GIVEN ENTRIES below:

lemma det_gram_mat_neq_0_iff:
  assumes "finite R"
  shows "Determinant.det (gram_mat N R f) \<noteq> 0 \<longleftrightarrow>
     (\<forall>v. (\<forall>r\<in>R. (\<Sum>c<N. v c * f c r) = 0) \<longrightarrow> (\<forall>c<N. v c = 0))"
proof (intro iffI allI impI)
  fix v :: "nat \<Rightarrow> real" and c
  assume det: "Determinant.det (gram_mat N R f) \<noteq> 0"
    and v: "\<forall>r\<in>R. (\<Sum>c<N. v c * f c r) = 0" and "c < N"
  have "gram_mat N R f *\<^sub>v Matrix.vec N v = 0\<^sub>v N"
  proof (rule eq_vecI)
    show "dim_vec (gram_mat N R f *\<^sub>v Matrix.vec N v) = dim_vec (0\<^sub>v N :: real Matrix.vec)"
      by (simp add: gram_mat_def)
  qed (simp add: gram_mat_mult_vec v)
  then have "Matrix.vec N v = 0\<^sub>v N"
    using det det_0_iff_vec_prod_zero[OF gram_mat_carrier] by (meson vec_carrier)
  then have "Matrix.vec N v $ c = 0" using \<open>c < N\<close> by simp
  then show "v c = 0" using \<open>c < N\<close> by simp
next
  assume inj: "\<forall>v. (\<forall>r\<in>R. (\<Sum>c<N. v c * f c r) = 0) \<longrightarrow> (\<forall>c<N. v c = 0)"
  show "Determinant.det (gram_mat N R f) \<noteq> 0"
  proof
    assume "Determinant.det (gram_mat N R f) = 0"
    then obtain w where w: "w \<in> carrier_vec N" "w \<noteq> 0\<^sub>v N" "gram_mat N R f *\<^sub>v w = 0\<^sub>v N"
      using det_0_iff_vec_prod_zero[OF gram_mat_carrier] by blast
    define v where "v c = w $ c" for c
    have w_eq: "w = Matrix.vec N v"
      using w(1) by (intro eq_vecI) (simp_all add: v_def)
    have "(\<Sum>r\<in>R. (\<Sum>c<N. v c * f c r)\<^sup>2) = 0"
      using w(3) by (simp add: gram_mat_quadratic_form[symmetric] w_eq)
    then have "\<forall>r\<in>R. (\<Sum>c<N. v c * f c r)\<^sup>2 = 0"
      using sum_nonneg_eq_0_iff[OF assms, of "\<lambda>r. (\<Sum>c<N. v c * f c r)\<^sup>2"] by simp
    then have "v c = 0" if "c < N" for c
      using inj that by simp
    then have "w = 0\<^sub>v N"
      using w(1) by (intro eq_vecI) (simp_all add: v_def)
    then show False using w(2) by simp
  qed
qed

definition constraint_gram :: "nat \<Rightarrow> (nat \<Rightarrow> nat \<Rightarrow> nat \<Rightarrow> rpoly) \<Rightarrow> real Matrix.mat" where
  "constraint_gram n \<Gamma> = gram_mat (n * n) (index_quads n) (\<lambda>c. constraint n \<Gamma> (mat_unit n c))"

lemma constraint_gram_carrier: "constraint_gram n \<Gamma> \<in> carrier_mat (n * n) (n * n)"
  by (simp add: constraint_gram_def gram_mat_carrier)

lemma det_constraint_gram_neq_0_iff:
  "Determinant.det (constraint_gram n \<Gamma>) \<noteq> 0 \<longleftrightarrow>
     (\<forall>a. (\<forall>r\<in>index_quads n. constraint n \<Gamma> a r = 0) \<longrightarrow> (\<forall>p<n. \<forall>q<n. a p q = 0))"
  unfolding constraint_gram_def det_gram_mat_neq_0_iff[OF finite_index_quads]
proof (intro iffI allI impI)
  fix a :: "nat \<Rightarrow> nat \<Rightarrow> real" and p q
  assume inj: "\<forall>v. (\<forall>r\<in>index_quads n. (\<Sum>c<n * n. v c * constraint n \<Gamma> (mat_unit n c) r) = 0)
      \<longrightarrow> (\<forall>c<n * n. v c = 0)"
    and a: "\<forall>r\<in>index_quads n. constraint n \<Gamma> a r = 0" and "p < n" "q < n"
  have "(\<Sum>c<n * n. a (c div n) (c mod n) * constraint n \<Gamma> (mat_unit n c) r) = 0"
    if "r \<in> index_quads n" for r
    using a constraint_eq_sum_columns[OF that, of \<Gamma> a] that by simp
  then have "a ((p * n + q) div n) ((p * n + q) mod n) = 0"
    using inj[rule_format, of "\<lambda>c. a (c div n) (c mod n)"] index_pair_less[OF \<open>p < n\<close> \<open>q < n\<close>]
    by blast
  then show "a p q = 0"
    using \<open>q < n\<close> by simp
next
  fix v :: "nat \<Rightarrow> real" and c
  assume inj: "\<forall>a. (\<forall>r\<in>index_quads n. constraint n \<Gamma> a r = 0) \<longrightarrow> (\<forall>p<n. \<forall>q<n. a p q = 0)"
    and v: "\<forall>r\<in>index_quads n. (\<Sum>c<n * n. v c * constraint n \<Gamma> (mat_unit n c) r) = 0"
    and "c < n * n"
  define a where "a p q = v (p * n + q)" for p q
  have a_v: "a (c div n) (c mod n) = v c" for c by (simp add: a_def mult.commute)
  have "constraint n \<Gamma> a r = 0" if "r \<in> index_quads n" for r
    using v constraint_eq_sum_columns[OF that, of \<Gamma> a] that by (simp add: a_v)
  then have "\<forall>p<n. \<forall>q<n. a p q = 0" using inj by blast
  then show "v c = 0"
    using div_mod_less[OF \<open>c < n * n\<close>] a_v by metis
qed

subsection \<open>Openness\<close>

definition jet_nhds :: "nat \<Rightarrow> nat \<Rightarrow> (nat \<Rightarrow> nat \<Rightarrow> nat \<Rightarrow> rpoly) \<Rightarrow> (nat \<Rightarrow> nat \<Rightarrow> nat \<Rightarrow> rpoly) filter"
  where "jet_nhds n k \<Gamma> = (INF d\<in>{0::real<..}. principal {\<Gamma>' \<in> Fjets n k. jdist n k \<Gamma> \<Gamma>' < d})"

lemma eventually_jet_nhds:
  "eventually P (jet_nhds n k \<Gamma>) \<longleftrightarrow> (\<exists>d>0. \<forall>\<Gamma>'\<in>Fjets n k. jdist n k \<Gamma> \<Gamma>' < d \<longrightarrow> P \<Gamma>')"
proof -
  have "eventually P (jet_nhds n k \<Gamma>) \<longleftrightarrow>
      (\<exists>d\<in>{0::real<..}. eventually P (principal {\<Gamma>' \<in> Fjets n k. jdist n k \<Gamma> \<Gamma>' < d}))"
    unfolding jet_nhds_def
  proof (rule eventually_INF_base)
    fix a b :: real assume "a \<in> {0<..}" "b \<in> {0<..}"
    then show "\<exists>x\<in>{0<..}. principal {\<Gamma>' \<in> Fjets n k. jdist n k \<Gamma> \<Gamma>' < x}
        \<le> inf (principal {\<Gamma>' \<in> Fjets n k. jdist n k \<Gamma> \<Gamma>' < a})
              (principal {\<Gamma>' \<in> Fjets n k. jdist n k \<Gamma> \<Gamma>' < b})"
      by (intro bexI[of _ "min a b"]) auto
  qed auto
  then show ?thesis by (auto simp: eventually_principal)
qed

End of GIVEN ENTRIES.

AIM OF THE TASK: Restate the data above exactly, keeping each word as it stands.

EXPECTED OUTPUT:
lemma det_gram_mat_neq_0_iff:
  assumes "finite R"
  shows "Determinant.det (gram_mat N R f) \<noteq> 0 \<longleftrightarrow>
     (\<forall>v. (\<forall>r\<in>R. (\<Sum>c<N. v c * f c r) = 0) \<longrightarrow> (\<forall>c<N. v c = 0))"
proof (intro iffI allI impI)
  fix v :: "nat \<Rightarrow> real" and c
  assume det: "Determinant.det (gram_mat N R f) \<noteq> 0"
    and v: "\<forall>r\<in>R. (\<Sum>c<N. v c * f c r) = 0" and "c < N"
  have "gram_mat N R f *\<^sub>v Matrix.vec N v = 0\<^sub>v N"
  proof (rule eq_vecI)
    show "dim_vec (gram_mat N R f *\<^sub>v Matrix.vec N v) = dim_vec (0\<^sub>v N :: real Matrix.vec)"
      by (simp add: gram_mat_def)
  qed (simp add: gram_mat_mult_vec v)
  then have "Matrix.vec N v = 0\<^sub>v N"
    using det det_0_iff_vec_prod_zero[OF gram_mat_carrier] by (meson vec_carrier)
  then have "Matrix.vec N v $ c = 0" using \<open>c < N\<close> by simp
  then show "v c = 0" using \<open>c < N\<close> by simp
next
  assume inj: "\<forall>v. (\<forall>r\<in>R. (\<Sum>c<N. v c * f c r) = 0) \<longrightarrow> (\<forall>c<N. v c = 0)"
  show "Determinant.det (gram_mat N R f) \<noteq> 0"
  proof
    assume "Determinant.det (gram_mat N R f) = 0"
    then obtain w where w: "w \<in> carrier_vec N" "w \<noteq> 0\<^sub>v N" "gram_mat N R f *\<^sub>v w = 0\<^sub>v N"
      using det_0_iff_vec_prod_zero[OF gram_mat_carrier] by blast
    define v where "v c = w $ c" for c
    have w_eq: "w = Matrix.vec N v"
      using w(1) by (intro eq_vecI) (simp_all add: v_def)
    have "(\<Sum>r\<in>R. (\<Sum>c<N. v c * f c r)\<^sup>2) = 0"
      using w(3) by (simp add: gram_mat_quadratic_form[symmetric] w_eq)
    then have "\<forall>r\<in>R. (\<Sum>c<N. v c * f c r)\<^sup>2 = 0"
      using sum_nonneg_eq_0_iff[OF assms, of "\<lambda>r. (\<Sum>c<N. v c * f c r)\<^sup>2"] by simp
    then have "v c = 0" if "c < N" for c
      using inj that by simp
    then have "w = 0\<^sub>v N"
      using w(1) by (intro eq_vecI) (simp_all add: v_def)
    then show False using w(2) by simp
  qed
qed

definition constraint_gram :: "nat \<Rightarrow> (nat \<Rightarrow> nat \<Rightarrow> nat \<Rightarrow> rpoly) \<Rightarrow> real Matrix.mat" where
  "constraint_gram n \<Gamma> = gram_mat (n * n) (index_quads n) (\<lambda>c. constraint n \<Gamma> (mat_unit n c))"

lemma constraint_gram_carrier: "constraint_gram n \<Gamma> \<in> carrier_mat (n * n) (n * n)"
  by (simp add: constraint_gram_def gram_mat_carrier)

lemma det_constraint_gram_neq_0_iff:
  "Determinant.det (constraint_gram n \<Gamma>) \<noteq> 0 \<longleftrightarrow>
     (\<forall>a. (\<forall>r\<in>index_quads n. constraint n \<Gamma> a r = 0) \<longrightarrow> (\<forall>p<n. \<forall>q<n. a p q = 0))"
  unfolding constraint_gram_def det_gram_mat_neq_0_iff[OF finite_index_quads]
proof (intro iffI allI impI)
  fix a :: "nat \<Rightarrow> nat \<Rightarrow> real" and p q
  assume inj: "\<forall>v. (\<forall>r\<in>index_quads n. (\<Sum>c<n * n. v c * constraint n \<Gamma> (mat_unit n c) r) = 0)
      \<longrightarrow> (\<forall>c<n * n. v c = 0)"
    and a: "\<forall>r\<in>index_quads n. constraint n \<Gamma> a r = 0" and "p < n" "q < n"
  have "(\<Sum>c<n * n. a (c div n) (c mod n) * constraint n \<Gamma> (mat_unit n c) r) = 0"
    if "r \<in> index_quads n" for r
    using a constraint_eq_sum_columns[OF that, of \<Gamma> a] that by simp
  then have "a ((p * n + q) div n) ((p * n + q) mod n) = 0"
    using inj[rule_format, of "\<lambda>c. a (c div n) (c mod n)"] index_pair_less[OF \<open>p < n\<close> \<open>q < n\<close>]
    by blast
  then show "a p q = 0"
    using \<open>q < n\<close> by simp
next
  fix v :: "nat \<Rightarrow> real" and c
  assume inj: "\<forall>a. (\<forall>r\<in>index_quads n. constraint n \<Gamma> a r = 0) \<longrightarrow> (\<forall>p<n. \<forall>q<n. a p q = 0)"
    and v: "\<forall>r\<in>index_quads n. (\<Sum>c<n * n. v c * constraint n \<Gamma> (mat_unit n c) r) = 0"
    and "c < n * n"
  define a where "a p q = v (p * n + q)" for p q
  have a_v: "a (c div n) (c mod n) = v c" for c by (simp add: a_def mult.commute)
  have "constraint n \<Gamma> a r = 0" if "r \<in> index_quads n" for r
    using v constraint_eq_sum_columns[OF that, of \<Gamma> a] that by (simp add: a_v)
  then have "\<forall>p<n. \<forall>q<n. a p q = 0" using inj by blast
  then show "v c = 0"
    using div_mod_less[OF \<open>c < n * n\<close>] a_v by metis
qed

subsection \<open>Openness\<close>

definition jet_nhds :: "nat \<Rightarrow> nat \<Rightarrow> (nat \<Rightarrow> nat \<Rightarrow> nat \<Rightarrow> rpoly) \<Rightarrow> (nat \<Rightarrow> nat \<Rightarrow> nat \<Rightarrow> rpoly) filter"
  where "jet_nhds n k \<Gamma> = (INF d\<in>{0::real<..}. principal {\<Gamma>' \<in> Fjets n k. jdist n k \<Gamma> \<Gamma>' < d})"

lemma eventually_jet_nhds:
  "eventually P (jet_nhds n k \<Gamma>) \<longleftrightarrow> (\<exists>d>0. \<forall>\<Gamma>'\<in>Fjets n k. jdist n k \<Gamma> \<Gamma>' < d \<longrightarrow> P \<Gamma>')"
proof -
  have "eventually P (jet_nhds n k \<Gamma>) \<longleftrightarrow>
      (\<exists>d\<in>{0::real<..}. eventually P (principal {\<Gamma>' \<in> Fjets n k. jdist n k \<Gamma> \<Gamma>' < d}))"
    unfolding jet_nhds_def
  proof (rule eventually_INF_base)
    fix a b :: real assume "a \<in> {0<..}" "b \<in> {0<..}"
    then show "\<exists>x\<in>{0<..}. principal {\<Gamma>' \<in> Fjets n k. jdist n k \<Gamma> \<Gamma>' < x}
        \<le> inf (principal {\<Gamma>' \<in> Fjets n k. jdist n k \<Gamma> \<Gamma>' < a})
              (principal {\<Gamma>' \<in> Fjets n k. jdist n k \<Gamma> \<Gamma>' < b})"
      by (intro bexI[of _ "min a b"]) auto
  qed auto
  then show ?thesis by (auto simp: eventually_principal)
qed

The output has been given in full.